Furthermore, play behaviors are a useful indicator of animal welfare because play behavior generally disappears under stress (Held & Špinka, 2011). There are caveats to this interpretation of play as an indicator of welfare because play can increase in response to reduced parental care or temporarily increase in response to social isolation. Play as an indicator of welfare in animals is also interesting because play has long been an indicator of psychological well-being in human children, and play inhibition is a symptom of clinical depression (Lous, de Wit, De Bruyn, & Riksen-Walraven, 2002).


In humans, and possibly other social animals, play also serves unique the function of allowing us to work through social problems without having to experience these problems directly. Sociologists and anthropologists have suggested this cultural role for play in human children, and even adults, for a long time (Sutton-Smith, 2001). Imaginative play allows children to take on imagined social roles and thus create, solve, and learn from imagined social conflicts without suffering real consequences from their decisions. For instance, young children playing “house” or “doctor” allows them to work they problems they perceive adults facing (correctly or incorrectly) and collaboratively arrive at a solution (in joint-imaginative play) or to talk through possible solutions in their own mind (in isolated-imaginative play).

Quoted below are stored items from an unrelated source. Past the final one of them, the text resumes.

lemma sphere_net_line_dist_le:
  assumes x: "x \<in> Rd d" and c: "c \<in> Rd d"
    and net: "is_sphere_net d \<epsilon> c N" and "N \<noteq> {}"
  shows "\<exists>u\<in>N. line_dist d x (c,u) \<le> \<epsilon> * edist d x c"
proof -
  have V: "(\<Sum>i<d. (u i - c i)^2) \<noteq> 0" if "u \<in> N" for u
    using net that unfolding is_sphere_net_def edist_def by auto
  define r where "r = edist d x c"
  show ?thesis
  proof (cases "r = 0")
    case True
    obtain u where u: "u \<in> N" using \<open>N \<noteq> {}\<close> by blast
    have "line_dist d x (c,u) \<le> r"
      using proj_line_le[OF V[OF u], of x 0] by (simp add: line_dist_def r_def)
    then show ?thesis using u True unfolding r_def by force
  next
    case False
    then have r: "r > 0" using edist_nonneg[of d x c] by (simp add: r_def)
    define y where "y i = c i + (x i - c i) / r" for i
    have "edist d y c = edist d (\<lambda>i. (1/r) * x i) (\<lambda>i. (1/r) * c i)"
      unfolding edist_def
      by (intro arg_cong[where f=sqrt] sum.cong) (auto simp: y_def diff_divide_distrib)
    then have "edist d y c = 1" unfolding edist_scale using r by (simp add: r_def)
    moreover have "y \<in> Rd d" using c x by (auto simp: Rd_def y_def)
    ultimately obtain u where u: "u \<in> N" "edist d y u \<le> \<epsilon>"
      using net unfolding is_sphere_net_def by blast
    have "line_dist d x (c,u) \<le> edist d x (\<lambda>i. c i + r * (u i - c i))"
      unfolding line_dist_def by (rule proj_line_le[OF V[OF u(1)]])
    also have "\<dots> = edist d (\<lambda>i. r * y i) (\<lambda>i. r * u i)"
    proof -
      have "x i - (c i + r * (u i - c i)) = r * y i - r * u i" for i
        using r by (simp add: y_def field_simps)
      then show ?thesis unfolding edist_def by simp
    qed
    also have "\<dots> \<le> r * \<epsilon>" using r u by (simp add: edist_scale)
    finally show ?thesis using u by (auto simp: r_def mult.commute)
  qed
qed

lemma nearest_line_dist_le:
  assumes x: "x \<in> Rd d" and "0 \<le> \<epsilon>"
    and C: "finite C" "C \<noteq> {}" "C \<subseteq> Rd d"
    and net: "\<And>c. c \<in> C \<Longrightarrow> is_sphere_net d \<epsilon> c (N c)"
    and nearest: "\<And>c u. c \<in> C \<Longrightarrow> u \<in> N c \<Longrightarrow> line_dist d x l \<le> line_dist d x (c,u)"
  shows "line_dist d x l \<le> \<epsilon> * setdist d x C"
proof (cases "d = 0")
  case True
  then show ?thesis
    using \<open>0 \<le> \<epsilon>\<close> setdist_nonneg[OF C(1,2)] by (simp add: line_dist_def edist_def)
next
  case False
  have "setdist d x C \<in> edist d x ` C" unfolding setdist_def using C by (intro Min_in) auto
  then obtain c where c: "c \<in> C" "setdist d x C = edist d x c" by blast
  have "N c \<noteq> {}" using sphere_net_nonempty False C c net by blast
  then obtain u where "u \<in> N c" "line_dist d x (c,u) \<le> \<epsilon> * edist d x c"
    using sphere_net_line_dist_le x C c net by blast
  then show ?thesis using nearest c by fastforce
qed

theorem lemma4p5:
  shows "\<exists>\<beta>::real. \<beta> > 0 \<and>
    (\<forall>(d::nat) (X::pt set) (\<epsilon>::real) (C::pt set) (N::pt \<Rightarrow> pt set)
       (L::(pt \<times> pt) set) (nl::pt \<Rightarrow> pt \<times> pt).
      finite X \<and> X \<subseteq> Rd d \<and> 0 < \<epsilon> \<and> \<epsilon> < 1 \<and>
      finite C \<and> C \<noteq> {} \<and> C \<subseteq> Rd d \<and>
      (\<forall>c\<in>C. is_sphere_net d \<epsilon> c (N c)) \<and>
      L = {(c, u). c \<in> C \<and> u \<in> N c} \<and>
      (\<forall>x\<in>X. nl x \<in> L \<and> (\<forall>l\<in>L. line_dist d x (nl x) \<le> line_dist d x l))
      \<longrightarrow>
      (\<forall>C' p. finite C' \<and> C' \<noteq> {} \<and> C' \<subseteq> Rd d \<and> 1 \<le> p \<and> p \<le> card X \<longrightarrow>
         \<bar>costp d p (image_mset (\<lambda>x. proj_line d (nl x) x) (mset_set X)) C'
            - costp d p (mset_set X) C'\<bar>
         \<le> \<beta> * \<epsilon> * costp d p (mset_set X) C))"
proof (intro exI[of _ 1] conjI allI impI)
  fix d X \<epsilon> C N L nl C' p
  assume H: "finite X \<and> X \<subseteq> Rd d \<and> 0 < \<epsilon> \<and> \<epsilon> < 1 \<and> finite C \<and> C \<noteq> {} \<and> C \<subseteq> Rd d \<and>
      (\<forall>c\<in>C. is_sphere_net d \<epsilon> c (N c)) \<and> L = {(c, u). c \<in> C \<and> u \<in> N c} \<and>
      (\<forall>x\<in>X. nl x \<in> L \<and> (\<forall>l\<in>L. line_dist d x (nl x) \<le> line_dist d x l))"
    and H': "finite C' \<and> C' \<noteq> {} \<and> C' \<subseteq> Rd d \<and> 1 \<le> p \<and> p \<le> card X"
  have X: "finite X" and p: "p \<le> card X" and \<epsilon>: "0 \<le> \<epsilon>" using H H' by auto
  define f g h where "f x = setdist d x C'" and "g x = setdist d (proj_line d (nl x) x) C'"
    and "h x = setdist d x C" for x
  have "line_dist d x (nl x) \<le> \<epsilon> * h x" if "x \<in> X" for x
    unfolding h_def using H that by (intro nearest_line_dist_le) auto
  then have "\<bar>g x - f x\<bar> \<le> \<epsilon> * h x" if "x \<in> X" for x
    using setdist_lipschitz[of C' d "proj_line d (nl x) x" x] H' that
    by (fastforce simp: f_def g_def line_dist_def edist_commute)
  then have "\<bar>top_sum p (image_mset g (mset_set X)) - top_sum p (image_mset f (mset_set X))\<bar>
      \<le> \<epsilon> * top_sum p (image_mset h (mset_set X))"
    using top_sum_le_add[OF X p \<epsilon>, of g f h] top_sum_le_add[OF X p \<epsilon>, of f g h]
    by (force simp: abs_le_iff)
  then show "\<bar>costp d p (image_mset (\<lambda>x. proj_line d (nl x) x) (mset_set X)) C'
      - costp d p (mset_set X) C'\<bar> \<le> 1 * \<epsilon> * costp d p (mset_set X) C"
    using costp_image_mset[of d p "\<lambda>x. x"]
    by (simp add: costp_image_mset f_def[abs_def] g_def[abs_def] h_def[abs_def])
qed (rule zero_less_one)

end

Physical play allows children the same benefits as physical play in other animals, such as improved musculoskeletal fitness, cardiorespiratory fitness, and neural development as the motor system learns to coordinate new movement patterns. Physical play can also serve a social function, however. Physical play can allow for social disputes to be resolved or hierarchies to be established while reducing the physical harm to the individuals involved. An excellent demonstration of this point comes from the history of the Olympic Games. During the ancient Olympic Games, the city-states of Greece would declare a military truce and suspend all armed conflict against each other. This truce was recognized even during major conflicts, leading to a cessation of hostilities between Athens and Sparta during the Peloponnesian War, and was thus a respected part of ancient Greek culture (Kyle, 2007).


Object-based play allows both children and adults to explore an object’s potential, often with reduced consequences (although “playing” with a table saw is just as dangerous as using it). Object-based play thus allows children to learn about an object’s common functions but also unintended or “inappropriate” uses. In this way, object play is an important way for children to gather information about the material world (Pellegrini & Bjorklund, 2004). Object play is, however, perhaps one of the most difficult forms of play to describe because it hard to disambiguate true play from other object-based interactions. Some studies of object play in human and chimpanzee juveniles suggest that their reliable gender differences in object play. Males tend to use more utilize objects in imaginative and physical play as group. Conversely, females tend toward more constructive play with objects and are more likely to engage in solitary play than males (Rubin et al, 1983). Rather than an inherent or genetic interpretation of these data, however, many authors suggest that these gender differences in object manipulation reflect ontogenetic adaptations related to the perceived demands of adult life (Pellegrini & Bjorklund, 2004).


In summary or these studies of the various types of play, we can see that play in childhood is especially important in the processes of development and evolution, because play allows the exploration of new strategies and behaviors. During play these new behaviors can be developed with minimal costs or, at least, reduced cost compared non-play situations (consider rock climbing for sport versus survival). Thus, play influences the development of new strategies and behaviors preparing an animal for success in novel environments after the juvenile period (Pellegrini, Dupuis, & Smith, 2007).


In his book, Brown (2009) does not spend as much times developing the scientific exploration of play as I would like, but one of the strengths of Brown’s book is to illustrate the importance of play not only during the juvenile period, where most research is focused, but across the lifespan. By pulling in personal anecdotes from his career as a psychiatrist, and more famous examples from current events and history, Brown argues a compelling case for the importance of play for all people of all ages in order to be psychologically healthy life. Brown argues that play has demonstrable advantages in cognition, physical health, and psychological well-being. Research in children and animals suggests that play is a natural mechanism for learning and solving problems. A good example of how imaginative play is given in an anecdote about executives at the design company Ideo who, when confronted with a difficult design problem, pretend to be their competitors (in a very literal and role-playing sense) in order to look at the problem in a different light. The advantages of play for physical health are fairly straight forward; play can serve as a motivator to make physical activity more endogenously motivating than “training” which relies on external motivation. Finally, Brown uses a number of case studies from his career as a psychiatrist to demonstrate being deprived of play can have detrimental effects on person’s psychological well being.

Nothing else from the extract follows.